Data below:

(* Let $I$ and $J$ be finitely generated graded right $A$-submodules of $Q_{\mathrm{gr}}(A)$ with structure constants $\{c_i\}_{i\in\mathbb{Z}}$ and $\{d_i\}_{i\in\mathbb{Z}}$ respectively. Then $I\cong J$ as graded right $A$-modules if and only if $c_i=d_i$ for all $i\in\mathbb{Z}$.
   Context: $\Bbbk$ is an algebraically closed field of characteristic $0$; $\sigma$ is the automorphism of $\Bbbk[z]$ (and $\Bbbk(z)$) with $\sigma(z)=z+1$. For $\alpha\in\Bbbk$, $f=z(z+\alpha)$ and $A=A(f)$ is generated by $\Bbbk[z]$, $x$, $y$ with $xz=(z+1)x$, $yz=(z-1)y$, $xy=f$, $yx=\sigma^{-1}(f)$, graded by $\deg x=1,\deg y=-1,\deg z=0$. $Q_{\mathrm{gr}}(A)$ is the graded quotient ring (localization at nonzero homogeneous elements), which equals the skew Laurent ring $\Bbbk(z)[x,x^{-1};\sigma]$ (with $xg=\sigma(g)x$ and $y=x^{-1}f$). Every finitely generated graded right $A$-submodule $I\subseteq Q_{\mathrm{gr}}(A)$ can be written $I=\bigoplus_{i\in\mathbb{Z}}\Bbbk[z]a_ix^i$ with $a_i\in\Bbbk(z)$ nonzero; then $c_i:=a_ia_{i+1}^{-1}$, normalized to be monic, is a polynomial in $\{1,\sigma^i(z),\sigma^i(z+\alpha),\sigma^i(f)\}$. The sequence $\{c_i\}$ is called the structure constants of $I$ (it does not depend on the choice of generators $a_i$). *)

theory Defs
  imports "HOL-Computational_Algebra.Polynomial_Factorial"
begin

text \<open>The base field k has type 'k::field_char_0; algebraic closedness is an explicit
hypothesis of the theorem.  k(z) is the fraction field 'k poly fract.
An element of Q_gr(A) = k(z)[x,x^-1;sigma] is a finitely supported function
q :: int => 'k poly fract, standing for the sum over i of (q i) x^i.\<close>

type_synonym 'k qel = "int \<Rightarrow> 'k poly fract"

definition alg_closed :: "'k::field itself \<Rightarrow> bool" where
  "alg_closed _ \<longleftrightarrow> (\<forall>p::'k poly. degree p > 0 \<longrightarrow> (\<exists>x. poly p x = 0))"

text \<open>sigma^n on k[z]: p(z) maps to p(z+n).\<close>
definition psh :: "int \<Rightarrow> 'k::field poly \<Rightarrow> 'k poly" where
  "psh n p = pcompose p [:of_int n, 1:]"

definition fsh :: "int \<Rightarrow> 'k::field poly fract \<Rightarrow> 'k poly fract" where
  "fsh n g = (let pq = (SOME pq. snd pq \<noteq> 0 \<and> g = Fract (fst pq) (snd pq))
              in Fract (psh n (fst pq)) (psh n (snd pq)))"

definition Qgr :: "'k::field qel set" where
  "Qgr = {q. finite {i. q i \<noteq> 0}}"

definition qzero :: "'k::field qel" where "qzero = (\<lambda>_. 0)"

definition qadd :: "'k::field qel \<Rightarrow> 'k qel \<Rightarrow> 'k qel" where
  "qadd p q = (\<lambda>n. p n + q n)"

text \<open>Multiplication in the skew Laurent ring: (g x^i)(h x^j) = g sigma^i(h) x^(i+j).\<close>
definition qmult :: "'k::field qel \<Rightarrow> 'k qel \<Rightarrow> 'k qel" where
  "qmult p q = (\<lambda>n. \<Sum>i\<in>{i. p i \<noteq> 0}. p i * fsh i (q (n - i)))"

definition qhom :: "int \<Rightarrow> 'k::field poly fract \<Rightarrow> 'k qel" where
  "qhom i g = (\<lambda>j. if j = i then g else 0)"

definition homog :: "int \<Rightarrow> 'k::field qel set" where
  "homog i = {q. \<forall>j. j \<noteq> i \<longrightarrow> q j = 0}"

text \<open>f = z(z+alpha); y = x^-1 f = sigma^-1(f) x^-1.\<close>
definition fpol :: "'k::field \<Rightarrow> 'k poly" where
  "fpol \<alpha> = [:0, 1:] * [:\<alpha>, 1:]"

definition qx :: "'k::field qel" where "qx = qhom 1 1"

definition qy :: "'k::field \<Rightarrow> 'k qel" where
  "qy \<alpha> = qhom (-1) (to_fract (psh (-1) (fpol \<alpha>)))"

text \<open>The algebra A = A(f), as the subring of Q_gr(A) generated by k[z], x and y.\<close>
inductive_set Aset :: "'k::field \<Rightarrow> 'k qel set" for \<alpha> :: 'k where
  poly_in: "qhom 0 (to_fract h) \<in> Aset \<alpha>"
| x_in: "qx \<in> Aset \<alpha>"
| y_in: "qy \<alpha> \<in> Aset \<alpha>"
| add_in: "a \<in> Aset \<alpha> \<Longrightarrow> b \<in> Aset \<alpha> \<Longrightarrow> qadd a b \<in> Aset \<alpha>"
| mult_in: "a \<in> Aset \<alpha> \<Longrightarrow> b \<in> Aset \<alpha> \<Longrightarrow> qmult a b \<in> Aset \<alpha>"

definition right_submod :: "'k::field \<Rightarrow> 'k qel set \<Rightarrow> bool" where
  "right_submod \<alpha> I \<longleftrightarrow> I \<subseteq> Qgr \<and> qzero \<in> I \<and>
     (\<forall>p\<in>I. \<forall>q\<in>I. qadd p q \<in> I) \<and>
     (\<forall>p\<in>I. \<forall>a\<in>Aset \<alpha>. qmult p a \<in> I)"

definition graded :: "'k::field qel set \<Rightarrow> bool" where
  "graded I \<longleftrightarrow> (\<forall>q\<in>I. \<forall>i. qhom i (q i) \<in> I)"

definition qsum :: "'k::field qel set \<Rightarrow> ('k qel \<Rightarrow> 'k qel) \<Rightarrow> 'k qel" where
  "qsum G h = (\<lambda>n. \<Sum>g\<in>G. h g n)"

definition fin_gen :: "'k::field \<Rightarrow> 'k qel set \<Rightarrow> bool" where
  "fin_gen \<alpha> I \<longleftrightarrow> (\<exists>G. finite G \<and> G \<subseteq> I \<and>
     I = {qsum G (\<lambda>g. qmult g (a g)) | a. \<forall>g\<in>G. a g \<in> Aset \<alpha>})"

definition fg_graded_submod :: "'k::field \<Rightarrow> 'k qel set \<Rightarrow> bool" where
  "fg_graded_submod \<alpha> I \<longleftrightarrow> right_submod \<alpha> I \<and> graded I \<and> fin_gen \<alpha> I"

definition graded_iso :: "'k::field \<Rightarrow> 'k qel set \<Rightarrow> 'k qel set \<Rightarrow> bool" where
  "graded_iso \<alpha> I J \<longleftrightarrow> (\<exists>\<phi>. bij_betw \<phi> I J \<and>
     (\<forall>p\<in>I. \<forall>q\<in>I. \<phi> (qadd p q) = qadd (\<phi> p) (\<phi> q)) \<and>
     (\<forall>p\<in>I. \<forall>a\<in>Aset \<alpha>. \<phi> (qmult p a) = qmult (\<phi> p) a) \<and>
     (\<forall>p\<in>I. \<forall>i. p \<in> homog i \<longrightarrow> \<phi> p \<in> homog i))"

definition struct_consts :: "'k::field qel set \<Rightarrow> (int \<Rightarrow> 'k poly) \<Rightarrow> bool" where
  "struct_consts I c \<longleftrightarrow> (\<exists>a :: int \<Rightarrow> 'k poly fract.
     (\<forall>i. a i \<noteq> 0 \<and> {g. qhom i g \<in> I} = {to_fract p * a i | p. True}) \<and>
     (\<forall>i. lead_coeff (c i) = 1 \<and>
          (\<exists>u::'k. u \<noteq> 0 \<and> to_fract (c i) = to_fract [:u:] * (a i / a (i + 1)))))"

end

theory Submission
  imports Defs
begin

text \<open>Write \<open>I = \<Oplus>\<^sub>i k[z] a\<^sub>i x\<^sup>i\<close> and \<open>J = \<Oplus>\<^sub>i k[z] b\<^sub>i x\<^sup>i\<close>. A graded isomorphism is
\<open>k[z]\<close>-linear in each degree, so it sends \<open>a\<^sub>i x\<^sup>i\<close> to \<open>\<tau>\<^sub>i b\<^sub>i x\<^sup>i\<close> with \<open>\<tau>\<^sub>i\<close> a unit of \<open>k[z]\<close>,
i.e. a nonzero constant; compatibility with right multiplication by \<open>x\<close> then shows that
\<open>a\<^sub>i/a\<^sub>i\<^sub>+\<^sub>1\<close> and \<open>b\<^sub>i/b\<^sub>i\<^sub>+\<^sub>1\<close> differ by a nonzero constant, so their monic normalisations agree.
Conversely, if the structure constants agree then all ratios \<open>b\<^sub>i/a\<^sub>i\<close> are constant multiples
of \<open>Q = b\<^sub>0/a\<^sub>0\<close>, and left multiplication of coefficients by \<open>Q\<close> is a graded isomorphism
\<open>I \<rightarrow> J\<close>.\<close>

lemma psh_mult: "psh n (p * q) = psh n p * psh n q"
  by (simp add: psh_def pcompose_mult)

lemma psh_eq_0_iff: "psh n (p::'k::field poly) = 0 \<longleftrightarrow> p = 0"
  by (simp add: psh_def pcompose_eq_0_iff)

lemma psh_0: "psh 0 p = p"
  by (simp add: psh_def)

lemma psh_1: "psh n (1::'k::field poly) = 1"
  by (simp add: psh_def pcompose_1)

lemma psh_psh: "psh n (psh m (p::'k::field poly)) = psh (n + m) p"
proof -
  have "pcompose [:of_int m, 1:] [:of_int n, (1::'k):] = [:of_int (n + m), 1:]"
    by (simp add: pcompose_pCons)
  then show ?thesis
    unfolding psh_def by (metis pcompose_assoc)
qed

text \<open>\<open>fsh\<close> shifts an arbitrarily chosen representative of the fraction; on polynomials
every representative gives the same result.\<close>

lemma fsh_to_fract: "fsh n (to_fract (h::'k::field poly)) = to_fract (psh n h)"
proof -
  let ?P = "\<lambda>pq. snd pq \<noteq> 0 \<and> to_fract h = Fract (fst pq) (snd pq)"
  define pq where "pq = (SOME pq. ?P pq)"
  have "?P (h, 1)"
    by (simp add: Fract_conv_to_fract)
  then have "?P pq"
    unfolding pq_def by (rule someI)
  then have q0: "snd pq \<noteq> 0" and e: "fst pq = h * snd pq"
    by (auto simp: eq_fract to_fract_def)
  have "fsh n (to_fract h) = Fract (psh n (fst pq)) (psh n (snd pq))"
    unfolding fsh_def pq_def Let_def by simp
  also have "\<dots> = to_fract (psh n h)"
    using q0 by (simp add: e psh_mult eq_fract to_fract_def psh_eq_0_iff)
  finally show ?thesis .
qed

lemma fsh_0: "fsh n (0::'k::field poly fract) = 0"
  using fsh_to_fract[of n "0::'k poly"] by (simp add: psh_def)

lemma fsh_1: "fsh n (1::'k::field poly fract) = 1"
  using fsh_to_fract[of n "1::'k poly"] by (simp add: psh_1)

lemma qhom_0: "qhom i 0 = qzero"
  by (auto simp: qhom_def qzero_def)

lemma qhom_inject: "qhom i g = qhom i h \<longleftrightarrow> g = h"
  by (metis qhom_def)

lemma qhom_in_homog: "qhom i g \<in> homog i"
  by (simp add: homog_def qhom_def)

lemma qadd_qhom_fun_upd: "qadd (qhom i (p i)) (p(i := 0)) = p"
  by (auto simp: qadd_def qhom_def)

lemma qmult_qhom: "qmult (qhom i g) (qhom j (h::'k::field poly fract)) = qhom (i + j) (g * fsh i h)"
proof (cases "g = 0")
  case True
  then show ?thesis by (auto simp: qmult_def qhom_def)
next
  case False
  then have "{k. qhom i g k \<noteq> 0} = {i}"
    by (auto simp: qhom_def)
  then show ?thesis
    using False by (auto simp: qmult_def qhom_def fsh_0 fun_eq_iff)
qed

lemma qmult_qhom_qx: "qmult (qhom i g) qx = qhom (i + 1) (g::'k::field poly fract)"
  by (simp add: qx_def qmult_qhom fsh_1)

lemma qmult_qhom_poly:
  "qmult (qhom i h) (qhom 0 (to_fract (psh (- i) r))) = qhom i (h * to_fract (r::'k::field poly))"
  by (simp add: qmult_qhom fsh_to_fract psh_psh psh_0)

subsection \<open>Graded submodules are determined by their homogeneous components\<close>

lemma right_submod_mem_of_components:
  assumes sub: "right_submod \<alpha> I"
    and "finite S" "{i. p i \<noteq> 0} \<subseteq> S" "\<forall>i. qhom i (p i) \<in> I"
  shows "p \<in> I"
  using assms(2-)
proof (induction S arbitrary: p rule: finite_induct)
  case empty
  then have "p = qzero"
    by (auto simp: qzero_def)
  then show ?case
    using sub by (simp add: right_submod_def)
next
  case (insert x S)
  have "p(x := 0) \<in> I"
    using insert.prems sub by (intro insert.IH) (auto simp: qhom_0 right_submod_def)
  moreover have "qhom x (p x) \<in> I"
    using insert.prems by blast
  ultimately show ?case
    using sub qadd_qhom_fun_upd[of x p] unfolding right_submod_def by metis
qed

lemma graded_submod_mem_iff:
  assumes "right_submod \<alpha> I" "graded I"
  shows "p \<in> I \<longleftrightarrow> finite {i. p i \<noteq> 0} \<and> (\<forall>i. qhom i (p i) \<in> I)"
  using assms right_submod_mem_of_components[OF assms(1) _ order_refl, of p]
  by (auto simp: right_submod_def graded_def Qgr_def)

lemma graded_submod_fun_upd_zero:
  assumes "right_submod \<alpha> I" "graded I" "p \<in> I"
  shows "p(x := 0) \<in> I"
proof -
  have "finite {i. p i \<noteq> 0}"
    using assms graded_submod_mem_iff by blast
  then have "finite {i. (p(x := 0)) i \<noteq> 0}"
    by (rule finite_subset[rotated]) auto
  moreover have "qhom i ((p(x := 0)) i) \<in> I" for i
    using assms by (cases "i = x") (auto simp: qhom_0 right_submod_def graded_def)
  ultimately show ?thesis
    using graded_submod_mem_iff[OF assms(1,2)] by blast
qed

definition const_assoc :: "'k::field poly fract \<Rightarrow> 'k poly fract \<Rightarrow> bool" where
  "const_assoc x y \<longleftrightarrow> (\<exists>\<kappa>. \<kappa> \<noteq> 0 \<and> x = to_fract [:\<kappa>:] * y)"

lemma const_assocI: "\<kappa> \<noteq> 0 \<Longrightarrow> x = to_fract [:\<kappa>:] * y \<Longrightarrow> const_assoc x y"
  unfolding const_assoc_def by blast

lemma const_assocE:
  assumes "const_assoc x y"
  obtains \<kappa> where "\<kappa> \<noteq> 0" "x = to_fract [:\<kappa>:] * y"
  using assms unfolding const_assoc_def by blast

lemma to_fract_const_mult: "to_fract [:\<kappa>:] * to_fract [:\<mu>:] = to_fract [:\<kappa> * \<mu>:]"
  by (simp flip: to_fract_mult)

lemma to_fract_const_divide:
  "(\<mu>::'k::field) \<noteq> 0 \<Longrightarrow> to_fract [:\<kappa>:] / to_fract [:\<mu>:] = to_fract [:\<kappa> / \<mu>:]"
  by (simp add: divide_eq_eq to_fract_const_mult)

lemma const_assoc_refl: "const_assoc x x"
  by (rule const_assocI[of 1]) (simp_all flip: one_pCons)

lemma const_assoc_sym:
  assumes "const_assoc x y"
  shows "const_assoc y x"
proof -
  obtain \<kappa> where "\<kappa> \<noteq> 0" "x = to_fract [:\<kappa>:] * y"
    using assms by (rule const_assocE)
  then show ?thesis
    by (intro const_assocI[of "1 / \<kappa>"]) (simp_all flip: to_fract_const_divide one_pCons)
qed

lemma const_assoc_trans:
  assumes "const_assoc x y" "const_assoc y z"
  shows "const_assoc x z"
proof -
  obtain \<kappa> \<mu> where "\<kappa> \<noteq> 0" "x = to_fract [:\<kappa>:] * y" "\<mu> \<noteq> 0" "y = to_fract [:\<mu>:] * z"
    using assms by (elim const_assocE)
  then show ?thesis
    by (intro const_assocI[of "\<kappa> * \<mu>"]) (simp_all flip: to_fract_const_mult)
qed

lemma const_assoc_nonzero: "const_assoc x y \<Longrightarrow> y \<noteq> 0 \<Longrightarrow> x \<noteq> 0"
  by (auto elim: const_assocE)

End of Data.

● Your task: In the data above, which lines lie between the line with "q :: int => 'k" and the line with "j \<noteq> i", inclusive? Print those lines exactly and nothing else.

● Written response:
q :: int => 'k poly fract, standing for the sum over i of (q i) x^i.\<close>

type_synonym 'k qel = "int \<Rightarrow> 'k poly fract"

definition alg_closed :: "'k::field itself \<Rightarrow> bool" where
  "alg_closed _ \<longleftrightarrow> (\<forall>p::'k poly. degree p > 0 \<longrightarrow> (\<exists>x. poly p x = 0))"

text \<open>sigma^n on k[z]: p(z) maps to p(z+n).\<close>
definition psh :: "int \<Rightarrow> 'k::field poly \<Rightarrow> 'k poly" where
  "psh n p = pcompose p [:of_int n, 1:]"

definition fsh :: "int \<Rightarrow> 'k::field poly fract \<Rightarrow> 'k poly fract" where
  "fsh n g = (let pq = (SOME pq. snd pq \<noteq> 0 \<and> g = Fract (fst pq) (snd pq))
              in Fract (psh n (fst pq)) (psh n (snd pq)))"

definition Qgr :: "'k::field qel set" where
  "Qgr = {q. finite {i. q i \<noteq> 0}}"

definition qzero :: "'k::field qel" where "qzero = (\<lambda>_. 0)"

definition qadd :: "'k::field qel \<Rightarrow> 'k qel \<Rightarrow> 'k qel" where
  "qadd p q = (\<lambda>n. p n + q n)"

text \<open>Multiplication in the skew Laurent ring: (g x^i)(h x^j) = g sigma^i(h) x^(i+j).\<close>
definition qmult :: "'k::field qel \<Rightarrow> 'k qel \<Rightarrow> 'k qel" where
  "qmult p q = (\<lambda>n. \<Sum>i\<in>{i. p i \<noteq> 0}. p i * fsh i (q (n - i)))"

definition qhom :: "int \<Rightarrow> 'k::field poly fract \<Rightarrow> 'k qel" where
  "qhom i g = (\<lambda>j. if j = i then g else 0)"

definition homog :: "int \<Rightarrow> 'k::field qel set" where
  "homog i = {q. \<forall>j. j \<noteq> i \<longrightarrow> q j = 0}"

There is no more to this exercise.